[Start of section]

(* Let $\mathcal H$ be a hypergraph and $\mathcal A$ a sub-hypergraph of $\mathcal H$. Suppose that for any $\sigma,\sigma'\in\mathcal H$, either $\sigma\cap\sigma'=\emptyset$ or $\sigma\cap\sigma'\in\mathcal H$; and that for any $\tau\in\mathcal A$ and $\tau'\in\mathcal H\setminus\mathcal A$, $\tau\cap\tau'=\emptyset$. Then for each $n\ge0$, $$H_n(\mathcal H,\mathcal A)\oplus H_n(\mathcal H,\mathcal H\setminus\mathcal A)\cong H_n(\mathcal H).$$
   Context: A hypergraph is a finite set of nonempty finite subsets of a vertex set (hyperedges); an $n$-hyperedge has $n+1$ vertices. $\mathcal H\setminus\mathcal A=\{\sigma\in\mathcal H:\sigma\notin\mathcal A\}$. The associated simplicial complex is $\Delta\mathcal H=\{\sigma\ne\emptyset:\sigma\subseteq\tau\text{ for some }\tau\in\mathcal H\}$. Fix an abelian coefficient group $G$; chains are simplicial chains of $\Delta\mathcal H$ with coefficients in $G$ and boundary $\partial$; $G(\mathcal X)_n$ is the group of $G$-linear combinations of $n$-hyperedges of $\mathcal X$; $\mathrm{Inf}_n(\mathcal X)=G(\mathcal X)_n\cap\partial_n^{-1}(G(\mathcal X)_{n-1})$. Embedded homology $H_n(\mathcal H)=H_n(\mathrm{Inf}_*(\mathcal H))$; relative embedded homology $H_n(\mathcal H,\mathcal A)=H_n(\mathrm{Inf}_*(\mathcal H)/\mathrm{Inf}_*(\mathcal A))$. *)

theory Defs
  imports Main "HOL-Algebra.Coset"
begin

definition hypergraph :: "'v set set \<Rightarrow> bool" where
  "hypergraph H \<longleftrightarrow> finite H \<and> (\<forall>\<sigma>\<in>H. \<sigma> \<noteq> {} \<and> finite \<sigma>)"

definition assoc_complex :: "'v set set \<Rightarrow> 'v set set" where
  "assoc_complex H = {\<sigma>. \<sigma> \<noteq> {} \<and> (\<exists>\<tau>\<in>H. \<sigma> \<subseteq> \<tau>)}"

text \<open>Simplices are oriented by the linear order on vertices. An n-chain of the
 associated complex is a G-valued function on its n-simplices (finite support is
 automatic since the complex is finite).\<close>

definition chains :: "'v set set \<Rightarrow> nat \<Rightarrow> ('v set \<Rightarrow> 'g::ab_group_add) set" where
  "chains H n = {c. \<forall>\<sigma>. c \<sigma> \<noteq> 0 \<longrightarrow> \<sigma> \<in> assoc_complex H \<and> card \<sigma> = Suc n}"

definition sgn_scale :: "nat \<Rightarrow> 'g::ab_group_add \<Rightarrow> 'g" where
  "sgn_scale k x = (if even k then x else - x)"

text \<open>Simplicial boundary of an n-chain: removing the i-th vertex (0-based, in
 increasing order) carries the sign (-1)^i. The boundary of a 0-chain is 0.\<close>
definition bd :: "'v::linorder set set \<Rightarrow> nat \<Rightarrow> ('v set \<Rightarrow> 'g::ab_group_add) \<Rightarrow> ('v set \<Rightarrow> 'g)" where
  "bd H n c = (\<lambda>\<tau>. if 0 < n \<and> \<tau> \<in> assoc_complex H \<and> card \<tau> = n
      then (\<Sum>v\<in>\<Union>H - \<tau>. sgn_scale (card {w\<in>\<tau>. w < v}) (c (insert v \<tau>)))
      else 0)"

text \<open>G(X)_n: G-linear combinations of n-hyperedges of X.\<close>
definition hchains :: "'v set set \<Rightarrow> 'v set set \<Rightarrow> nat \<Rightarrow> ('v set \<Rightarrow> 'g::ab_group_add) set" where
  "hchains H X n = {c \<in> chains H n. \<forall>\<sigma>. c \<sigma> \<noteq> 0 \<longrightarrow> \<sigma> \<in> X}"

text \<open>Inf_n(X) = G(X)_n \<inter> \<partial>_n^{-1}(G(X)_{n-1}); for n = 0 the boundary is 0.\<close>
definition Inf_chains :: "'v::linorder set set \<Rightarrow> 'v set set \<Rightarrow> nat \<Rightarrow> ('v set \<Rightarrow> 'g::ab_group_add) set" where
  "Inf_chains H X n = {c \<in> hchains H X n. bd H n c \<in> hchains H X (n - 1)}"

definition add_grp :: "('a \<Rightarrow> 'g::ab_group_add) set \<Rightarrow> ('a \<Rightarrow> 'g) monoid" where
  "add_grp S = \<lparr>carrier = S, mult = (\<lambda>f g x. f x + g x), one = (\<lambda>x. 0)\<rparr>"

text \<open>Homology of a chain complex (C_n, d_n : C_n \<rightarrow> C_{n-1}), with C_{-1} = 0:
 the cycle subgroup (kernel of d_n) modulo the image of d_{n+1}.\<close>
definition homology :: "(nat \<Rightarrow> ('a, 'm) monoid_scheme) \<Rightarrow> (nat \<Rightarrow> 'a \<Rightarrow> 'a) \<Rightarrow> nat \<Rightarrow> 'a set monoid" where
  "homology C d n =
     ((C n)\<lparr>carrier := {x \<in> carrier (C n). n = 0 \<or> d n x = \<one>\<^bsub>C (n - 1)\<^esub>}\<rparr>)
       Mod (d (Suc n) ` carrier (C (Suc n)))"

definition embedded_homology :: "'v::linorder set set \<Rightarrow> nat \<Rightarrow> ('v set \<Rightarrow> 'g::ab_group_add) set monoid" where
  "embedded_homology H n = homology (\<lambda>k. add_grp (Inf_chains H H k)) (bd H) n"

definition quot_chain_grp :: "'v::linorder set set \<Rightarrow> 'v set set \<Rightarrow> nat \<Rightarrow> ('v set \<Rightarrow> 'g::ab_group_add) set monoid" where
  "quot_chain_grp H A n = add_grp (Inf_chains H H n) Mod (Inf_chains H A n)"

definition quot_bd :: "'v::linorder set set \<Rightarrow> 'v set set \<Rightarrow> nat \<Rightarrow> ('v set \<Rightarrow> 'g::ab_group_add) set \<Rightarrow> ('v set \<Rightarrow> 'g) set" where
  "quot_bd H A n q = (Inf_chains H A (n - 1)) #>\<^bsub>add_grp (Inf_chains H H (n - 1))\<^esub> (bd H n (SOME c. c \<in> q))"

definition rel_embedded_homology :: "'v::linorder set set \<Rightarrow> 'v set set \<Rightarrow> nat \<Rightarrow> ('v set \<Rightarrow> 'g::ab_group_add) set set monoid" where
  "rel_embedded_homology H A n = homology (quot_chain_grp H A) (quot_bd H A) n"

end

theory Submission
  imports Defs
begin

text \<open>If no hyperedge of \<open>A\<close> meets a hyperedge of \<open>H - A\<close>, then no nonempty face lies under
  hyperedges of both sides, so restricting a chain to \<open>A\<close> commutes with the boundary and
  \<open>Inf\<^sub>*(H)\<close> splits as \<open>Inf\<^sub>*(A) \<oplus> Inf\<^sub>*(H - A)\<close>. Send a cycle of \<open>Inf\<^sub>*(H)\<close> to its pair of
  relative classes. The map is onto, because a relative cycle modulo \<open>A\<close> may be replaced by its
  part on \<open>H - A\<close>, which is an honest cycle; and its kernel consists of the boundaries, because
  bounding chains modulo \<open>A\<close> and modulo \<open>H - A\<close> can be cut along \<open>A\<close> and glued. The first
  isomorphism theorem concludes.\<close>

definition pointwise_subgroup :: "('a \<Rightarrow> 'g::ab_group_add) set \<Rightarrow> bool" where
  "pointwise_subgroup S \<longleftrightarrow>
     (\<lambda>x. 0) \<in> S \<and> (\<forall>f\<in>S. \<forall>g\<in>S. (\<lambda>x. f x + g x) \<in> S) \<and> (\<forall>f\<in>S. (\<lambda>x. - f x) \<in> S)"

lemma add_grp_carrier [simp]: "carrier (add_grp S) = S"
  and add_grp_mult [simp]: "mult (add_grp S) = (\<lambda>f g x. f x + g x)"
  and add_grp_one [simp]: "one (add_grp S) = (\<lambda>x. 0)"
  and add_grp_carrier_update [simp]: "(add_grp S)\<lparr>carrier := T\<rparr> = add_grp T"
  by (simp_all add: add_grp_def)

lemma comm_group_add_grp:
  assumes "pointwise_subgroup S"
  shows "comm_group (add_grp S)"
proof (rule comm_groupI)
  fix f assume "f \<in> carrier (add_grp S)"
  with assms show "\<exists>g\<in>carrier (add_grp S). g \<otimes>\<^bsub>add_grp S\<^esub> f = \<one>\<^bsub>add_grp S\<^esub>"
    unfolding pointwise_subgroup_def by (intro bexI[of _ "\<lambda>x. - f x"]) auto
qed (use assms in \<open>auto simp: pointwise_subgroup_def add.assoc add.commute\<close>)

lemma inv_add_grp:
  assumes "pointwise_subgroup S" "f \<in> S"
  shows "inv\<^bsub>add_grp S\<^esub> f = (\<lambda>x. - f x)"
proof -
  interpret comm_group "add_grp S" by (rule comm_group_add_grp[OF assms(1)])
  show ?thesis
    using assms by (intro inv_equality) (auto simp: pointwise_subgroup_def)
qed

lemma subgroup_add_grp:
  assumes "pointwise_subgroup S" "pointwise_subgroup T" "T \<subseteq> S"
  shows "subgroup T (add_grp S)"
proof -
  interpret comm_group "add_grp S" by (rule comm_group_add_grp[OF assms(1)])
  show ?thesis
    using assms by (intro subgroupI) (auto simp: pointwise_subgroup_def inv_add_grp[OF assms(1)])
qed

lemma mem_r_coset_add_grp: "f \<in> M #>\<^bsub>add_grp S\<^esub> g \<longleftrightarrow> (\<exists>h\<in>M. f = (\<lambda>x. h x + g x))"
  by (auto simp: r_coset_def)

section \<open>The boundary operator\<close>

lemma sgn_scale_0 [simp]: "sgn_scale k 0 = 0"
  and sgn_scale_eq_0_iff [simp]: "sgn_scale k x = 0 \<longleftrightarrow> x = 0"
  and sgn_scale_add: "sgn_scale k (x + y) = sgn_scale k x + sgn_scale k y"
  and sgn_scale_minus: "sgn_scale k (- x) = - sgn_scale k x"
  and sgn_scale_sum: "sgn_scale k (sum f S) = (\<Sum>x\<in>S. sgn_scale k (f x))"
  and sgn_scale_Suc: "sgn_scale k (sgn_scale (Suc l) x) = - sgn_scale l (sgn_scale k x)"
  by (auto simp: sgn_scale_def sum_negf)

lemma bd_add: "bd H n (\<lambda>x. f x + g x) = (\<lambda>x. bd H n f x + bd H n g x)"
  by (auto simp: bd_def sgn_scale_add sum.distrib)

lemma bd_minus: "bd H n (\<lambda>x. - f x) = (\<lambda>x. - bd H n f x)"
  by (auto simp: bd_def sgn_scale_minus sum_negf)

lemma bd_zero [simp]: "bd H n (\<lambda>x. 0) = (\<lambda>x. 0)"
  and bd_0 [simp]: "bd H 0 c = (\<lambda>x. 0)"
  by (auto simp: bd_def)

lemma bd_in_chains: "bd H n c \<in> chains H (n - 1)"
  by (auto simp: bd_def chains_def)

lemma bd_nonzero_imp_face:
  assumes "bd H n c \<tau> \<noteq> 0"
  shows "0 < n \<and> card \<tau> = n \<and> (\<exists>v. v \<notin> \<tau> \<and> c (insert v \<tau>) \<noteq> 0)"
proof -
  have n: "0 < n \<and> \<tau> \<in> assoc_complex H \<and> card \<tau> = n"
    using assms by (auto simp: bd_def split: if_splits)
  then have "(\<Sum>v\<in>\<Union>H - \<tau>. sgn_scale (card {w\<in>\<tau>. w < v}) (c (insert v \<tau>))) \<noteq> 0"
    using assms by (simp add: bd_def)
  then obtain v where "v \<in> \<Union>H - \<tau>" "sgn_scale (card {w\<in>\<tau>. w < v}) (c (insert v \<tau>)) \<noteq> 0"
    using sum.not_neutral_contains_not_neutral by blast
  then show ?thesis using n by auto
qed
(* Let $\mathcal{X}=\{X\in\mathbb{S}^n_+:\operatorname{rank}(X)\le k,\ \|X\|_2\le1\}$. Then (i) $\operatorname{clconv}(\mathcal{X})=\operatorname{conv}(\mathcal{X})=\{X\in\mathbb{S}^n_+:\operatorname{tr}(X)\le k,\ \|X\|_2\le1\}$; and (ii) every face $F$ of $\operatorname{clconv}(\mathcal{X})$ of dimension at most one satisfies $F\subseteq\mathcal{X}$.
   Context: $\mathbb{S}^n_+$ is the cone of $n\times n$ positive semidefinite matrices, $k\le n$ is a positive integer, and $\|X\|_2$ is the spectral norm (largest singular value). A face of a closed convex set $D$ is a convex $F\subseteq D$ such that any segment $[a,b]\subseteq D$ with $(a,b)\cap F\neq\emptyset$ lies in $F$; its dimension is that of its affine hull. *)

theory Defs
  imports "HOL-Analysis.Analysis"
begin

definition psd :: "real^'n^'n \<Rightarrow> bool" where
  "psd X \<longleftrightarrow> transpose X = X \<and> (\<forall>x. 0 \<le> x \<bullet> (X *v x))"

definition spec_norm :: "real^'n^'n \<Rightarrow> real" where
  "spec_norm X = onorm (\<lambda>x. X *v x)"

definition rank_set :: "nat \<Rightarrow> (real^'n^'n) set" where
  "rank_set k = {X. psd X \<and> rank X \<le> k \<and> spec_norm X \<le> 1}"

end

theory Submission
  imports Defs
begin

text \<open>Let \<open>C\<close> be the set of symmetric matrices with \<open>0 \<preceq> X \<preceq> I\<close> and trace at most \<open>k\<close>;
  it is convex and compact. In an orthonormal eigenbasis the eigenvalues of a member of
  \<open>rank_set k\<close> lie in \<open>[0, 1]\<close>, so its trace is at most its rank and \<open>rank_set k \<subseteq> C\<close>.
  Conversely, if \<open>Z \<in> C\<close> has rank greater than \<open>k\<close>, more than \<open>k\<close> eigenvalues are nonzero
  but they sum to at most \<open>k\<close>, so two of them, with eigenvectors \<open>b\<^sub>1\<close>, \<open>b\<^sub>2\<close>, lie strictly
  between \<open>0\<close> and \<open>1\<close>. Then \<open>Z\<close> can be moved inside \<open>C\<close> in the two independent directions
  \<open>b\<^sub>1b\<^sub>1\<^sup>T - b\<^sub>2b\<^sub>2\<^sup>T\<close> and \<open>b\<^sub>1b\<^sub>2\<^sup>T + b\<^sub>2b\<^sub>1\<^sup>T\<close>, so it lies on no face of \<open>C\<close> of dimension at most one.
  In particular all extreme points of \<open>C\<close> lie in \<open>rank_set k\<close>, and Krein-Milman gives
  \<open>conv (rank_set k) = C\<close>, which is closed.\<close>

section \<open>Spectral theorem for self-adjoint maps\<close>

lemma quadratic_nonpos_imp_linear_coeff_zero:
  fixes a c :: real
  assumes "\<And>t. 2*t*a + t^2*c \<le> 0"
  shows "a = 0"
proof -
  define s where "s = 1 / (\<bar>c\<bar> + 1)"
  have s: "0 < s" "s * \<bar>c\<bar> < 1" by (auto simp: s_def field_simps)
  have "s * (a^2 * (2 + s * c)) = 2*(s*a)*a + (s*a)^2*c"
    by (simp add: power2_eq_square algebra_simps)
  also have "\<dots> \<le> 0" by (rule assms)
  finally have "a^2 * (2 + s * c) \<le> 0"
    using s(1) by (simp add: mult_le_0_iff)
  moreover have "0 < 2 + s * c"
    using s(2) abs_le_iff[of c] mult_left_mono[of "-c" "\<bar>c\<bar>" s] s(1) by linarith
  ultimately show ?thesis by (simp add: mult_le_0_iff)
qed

[End of section]

- [YOUR OBJECTIVE]
In the listing above, how many lines hold the word "imports"? Give the number and nothing more.

- [ANSWER TO THE PROBLEM]
4